» INSTRUCTIONS FOR THE TASK: Begin at the line containing "by (rule asymptotic_radius_at_le_add_norm)" in the data below and go on through the line containing "real (Suc d", repeating each line exactly; include both ends and no other line.
━━━ RECORDS
lemma tendsto_if_limsup_asymptotic_radius_at_le:
  fixes x :: "nat \<Rightarrow> 'a::real_normed_vector"
  assumes ucs: "uniformly_convex_space TYPE('a)" and "convex Q"
    and lower: "\<And>y. y \<in> Q \<Longrightarrow> ereal \<rho> \<le> asymptotic_radius_at x y" and yQ: "\<And>k. y k \<in> Q"
    and y: "limsup (\<lambda>k. asymptotic_radius_at x (y k)) \<le> ereal \<rho>"
    and "z \<in> Q" and z: "asymptotic_radius_at x z \<le> ereal \<rho>"
  shows "y \<longlonglongrightarrow> z"
proof (rule LIMSEQ_I)
  fix e :: real
  assume "e > 0"
  then obtain \<eta> where "\<eta> > 0" and small: "\<And>u v. u \<in> Q \<Longrightarrow> v \<in> Q \<Longrightarrow>
      asymptotic_radius_at x u < ereal (\<rho> + \<eta>) \<Longrightarrow> asymptotic_radius_at x v < ereal (\<rho> + \<eta>) \<Longrightarrow>
      norm (u - v) < e"
    using asymptotic_radius_at_sublevel_small[OF ucs \<open>convex Q\<close> lower] by blast
  have "asymptotic_radius_at x z < ereal (\<rho> + \<eta>)"
    using z \<open>\<eta> > 0\<close> by (auto intro: le_less_trans)
  moreover obtain M where "\<And>k. k \<ge> M \<Longrightarrow> asymptotic_radius_at x (y k) < ereal (\<rho> + \<eta>)"
    using eventually_asymptotic_radius_at_less_if_limsup_le[OF y \<open>\<eta> > 0\<close>]
    unfolding eventually_sequentially by blast
  ultimately show "\<exists>M. \<forall>k\<ge>M. norm (y k - z) < e"
    using small yQ \<open>z \<in> Q\<close> by blast
qed

lemma asymptotic_center_exists:
  fixes x :: "nat \<Rightarrow> 'a::banach"
  assumes ucs: "uniformly_convex_space TYPE('a)" and "closed Q" "convex Q"
    and \<rho>: "asymptotic_radius x Q = ereal \<rho>"
  obtains z where "z \<in> Q" "asymptotic_radius_at x z = ereal \<rho>"
proof -
  have lower: "ereal \<rho> \<le> asymptotic_radius_at x y" if "y \<in> Q" for y
    using asymptotic_radius_le_at[OF that, of x] \<rho> by simp
  have "\<exists>y\<in>Q. asymptotic_radius_at x y < ereal (\<rho> + inverse (Suc k))" for k
  proof -
    have "(INF y\<in>Q. asymptotic_radius_at x y) < ereal (\<rho> + inverse (Suc k))"
      using \<rho> unfolding asymptotic_radius_eq_INF by simp
    then show ?thesis
      by (simp add: INF_less_iff)
  qed
  then obtain y where yQ: "\<And>k. y k \<in> Q"
    and y_less: "\<And>k. asymptotic_radius_at x (y k) < ereal (\<rho> + inverse (Suc k))"
    by metis
  have "limsup (\<lambda>k. asymptotic_radius_at x (y k)) \<le> limsup (\<lambda>k. ereal (\<rho> + inverse (Suc k)))"
    using y_less by (intro Limsup_mono) (simp add: less_imp_le)
  also have "\<dots> = ereal \<rho>"
  proof (intro lim_imp_Limsup)
    have "(\<lambda>k. \<rho> + inverse (real (Suc k))) \<longlonglongrightarrow> \<rho> + 0"
      by (intro tendsto_add tendsto_const LIMSEQ_inverse_real_of_nat)
    then show "(\<lambda>k. ereal (\<rho> + inverse (Suc k))) \<longlonglongrightarrow> ereal \<rho>"
      by simp
  qed simp
  finally have y: "limsup (\<lambda>k. asymptotic_radius_at x (y k)) \<le> ereal \<rho>" .
  obtain z where lim: "y \<longlonglongrightarrow> z"
    using Cauchy_if_limsup_asymptotic_radius_at_le[OF ucs \<open>convex Q\<close> lower yQ y]
    by (auto simp: Cauchy_convergent_iff convergent_def)
  have "z \<in> Q"
    using closed_sequentially[OF \<open>closed Q\<close> yQ lim] .
  have "asymptotic_radius_at x z \<le> ereal \<rho>"
  proof (rule ereal_le_epsilon2)
    fix e :: real
    assume "e > 0"
    have "eventually (\<lambda>k. asymptotic_radius_at x (y k) < ereal (\<rho> + e / 2)) sequentially"
      using \<open>e > 0\<close> by (intro eventually_asymptotic_radius_at_less_if_limsup_le[OF y]) simp
    moreover have "eventually (\<lambda>k. dist (y k) z < e / 2) sequentially"
      using \<open>e > 0\<close> by (intro tendstoD[OF lim]) simp
    ultimately obtain k where k: "asymptotic_radius_at x (y k) < ereal (\<rho> + e / 2)" "dist (y k) z < e / 2"
      using eventually_happens'[OF sequentially_bot eventually_conj] by blast
    have "asymptotic_radius_at x z \<le> asymptotic_radius_at x (y k) + ereal (norm (z - y k))"
      by (rule asymptotic_radius_at_le_add_norm)
    also have "\<dots> \<le> ereal (\<rho> + e / 2) + ereal (e / 2)"
      using k by (intro add_mono) (auto simp: dist_norm norm_minus_commute less_imp_le)
    finally show "asymptotic_radius_at x z \<le> ereal \<rho> + ereal e"
      by (simp add: add.commute)
  qed
  with lower \<open>z \<in> Q\<close> show ?thesis
    using that by (simp add: antisym)
qed
lemma werner_partial_transpose_eigenvalues:
  fixes d :: nat and \<alpha> :: real
  assumes "d \<ge> 2"
  defines "A \<equiv> \<alpha> / real (Suc d choose 2)" and "B \<equiv> (1 - \<alpha>) / real (d choose 2)"
  shows "(A + B) / 2 = (real d + 1 - 2*\<alpha>) / (real d * (real d - 1) * (real d + 1))"
    and "(A + B) / 2 + real d * (A - B) / 2 = (2*\<alpha> - 1) / real d"
proof -
  have nz: "real d \<noteq> 0" "real d + 1 \<noteq> 0" "real d - 1 \<noteq> 0" using assms by auto
  have A: "A = 2*\<alpha> / (real d * (real d + 1))"
    unfolding A_def real_choose_two by (simp add: field_simps)
  have B: "B = 2*(1 - \<alpha>) / (real d * (real d - 1))"
    unfolding B_def real_choose_two by (simp add: field_simps)
  show "(A + B) / 2 = (real d + 1 - 2*\<alpha>) / (real d * (real d - 1) * (real d + 1))"
    unfolding A B using nz by (simp add: divide_simps) (simp add: algebra_simps)
  show "(A + B) / 2 + real d * (A - B) / 2 = (2*\<alpha> - 1) / real d"
    unfolding A B using nz by (simp add: divide_simps) (simp add: algebra_simps)
qed

lemma partial_transpose_werner:
  assumes "d \<ge> 2"
  shows "partial_transpose_A d (werner d \<alpha>) = iso_op d
      (of_real ((real d + 1 - 2*\<alpha>) / (real d * (real d - 1) * (real d + 1))))
      (of_real ((2*\<alpha> - 1) / real d))"
proof -
  have "d > 0" using assms by simp
  from partial_transpose_werner_iso_op[OF this, of \<alpha>] show ?thesis
    unfolding werner_partial_transpose_eigenvalues(2)[OF assms]
    unfolding werner_partial_transpose_eigenvalues(1)[OF assms] .
qed

lemma weighted_cube_sum_lt_square_iff:
  fixes \<mu> x y :: real
  assumes "\<mu> > 0" "x > 0" "\<mu> * x + y = 1"
  shows "\<mu>*x^3 + y^3 < (\<mu>*x^2 + y^2)^2 \<longleftrightarrow> y < 0"
proof -
  have "(\<mu>*x^2 + y^2)^2 - (\<mu>*x^3 + y^3) * (\<mu>*x + y) = (\<mu>*x) * (-y) * (x - y)^2"
    by (simp add: power2_eq_square power3_eq_cube algebra_simps)
  hence gap: "(\<mu>*x^2 + y^2)^2 - (\<mu>*x^3 + y^3) = (\<mu>*x) * (-y) * (x - y)^2"
    using assms(3) by simp
  have "\<mu>*x > 0" using assms by simp
  show ?thesis
  proof
    assume "\<mu>*x^3 + y^3 < (\<mu>*x^2 + y^2)^2"
    with gap have "(\<mu>*x) * ((-y) * (x - y)^2) > 0" by (simp add: mult.assoc)
    with \<open>\<mu>*x > 0\<close> have "(-y) * (x - y)^2 > 0" using zero_less_mult_pos by blast
    then show "y < 0" by (metis mult_nonpos_nonneg zero_le_power2 neg_le_0_iff_le not_less)
  next
    assume "y < 0"
    with assms(2) have "-y > 0" "(x - y)^2 > 0" by simp_all
    with \<open>\<mu>*x > 0\<close> have "(\<mu>*x) * (-y) * (x - y)^2 > 0" by (metis mult_pos_pos)
    with gap show "\<mu>*x^3 + y^3 < (\<mu>*x^2 + y^2)^2" by simp
  qed
qed

theorem mainTheorem4:
  fixes d :: nat and \<alpha> :: real
  assumes "d \<ge> 2" and "0 \<le> \<alpha>" and "\<alpha> \<le> 1"
  shows "(Re (werner_moment d \<alpha> 3) < (Re (werner_moment d \<alpha> 2))^2 \<longleftrightarrow> \<alpha> < 1/2)
       \<and> (\<alpha> < 1/2 \<longleftrightarrow>
            (\<exists>x::real. x < 0 \<and> eigenvalue (partial_transpose_A d (werner d \<alpha>)) (complex_of_real x)))"
proof -
  define x where "x = (real d + 1 - 2*\<alpha>) / (real d * (real d - 1) * (real d + 1))"
  define y where "y = (2*\<alpha> - 1) / real d"
  define \<mu> where "\<mu> = real d * real d - 1"
  have d: "d > 0" "real d \<ge> 2" using assms(1) by auto
  have "\<mu> > 0" using d mult_mono[of 2 "real d" 2 "real d"] by (simp add: \<mu>_def)
  have "x > 0" unfolding x_def using d assms(3) by (intro divide_pos_pos mult_pos_pos) auto
  have "real d \<noteq> 0" "real d + 1 \<noteq> 0" "real d - 1 \<noteq> 0" using d by auto
  then have "\<mu> * x + y = 1"
    unfolding \<mu>_def x_def y_def by (simp add: divide_simps) (simp add: algebra_simps)
  have "y < 0 \<longleftrightarrow> \<alpha> < 1/2" using d by (auto simp: y_def divide_less_0_iff)
  have pt: "partial_transpose_A d (werner d \<alpha>) = iso_op d (of_real x) (of_real y)"
    unfolding x_def y_def by (rule partial_transpose_werner[OF assms(1)])
  have moment: "Re (werner_moment d \<alpha> n) = \<mu> * x^n + y^n" for n
    using d(1) by (simp add: werner_moment_def pt trace_iso_op_power \<mu>_def)
  show ?thesis
    unfolding moment pt iso_op_negative_eigenvalue_iff[OF d(1) \<open>x > 0\<close>]
    using weighted_cube_sum_lt_square_iff[OF \<open>\<mu> > 0\<close> \<open>x > 0\<close> \<open>\<mu> * x + y = 1\<close>]
      \<open>y < 0 \<longleftrightarrow> \<alpha> < 1/2\<close>
    by blast
qed

end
━━━━━━
» EXPECTED ANSWER:
      by (rule asymptotic_radius_at_le_add_norm)
    also have "\<dots> \<le> ereal (\<rho> + e / 2) + ereal (e / 2)"
      using k by (intro add_mono) (auto simp: dist_norm norm_minus_commute less_imp_le)
    finally show "asymptotic_radius_at x z \<le> ereal \<rho> + ereal e"
      by (simp add: add.commute)
  qed
  with lower \<open>z \<in> Q\<close> show ?thesis
    using that by (simp add: antisym)
qed
lemma werner_partial_transpose_eigenvalues:
  fixes d :: nat and \<alpha> :: real
  assumes "d \<ge> 2"
  defines "A \<equiv> \<alpha> / real (Suc d choose 2)" and "B \<equiv> (1 - \<alpha>) / real (d choose 2)"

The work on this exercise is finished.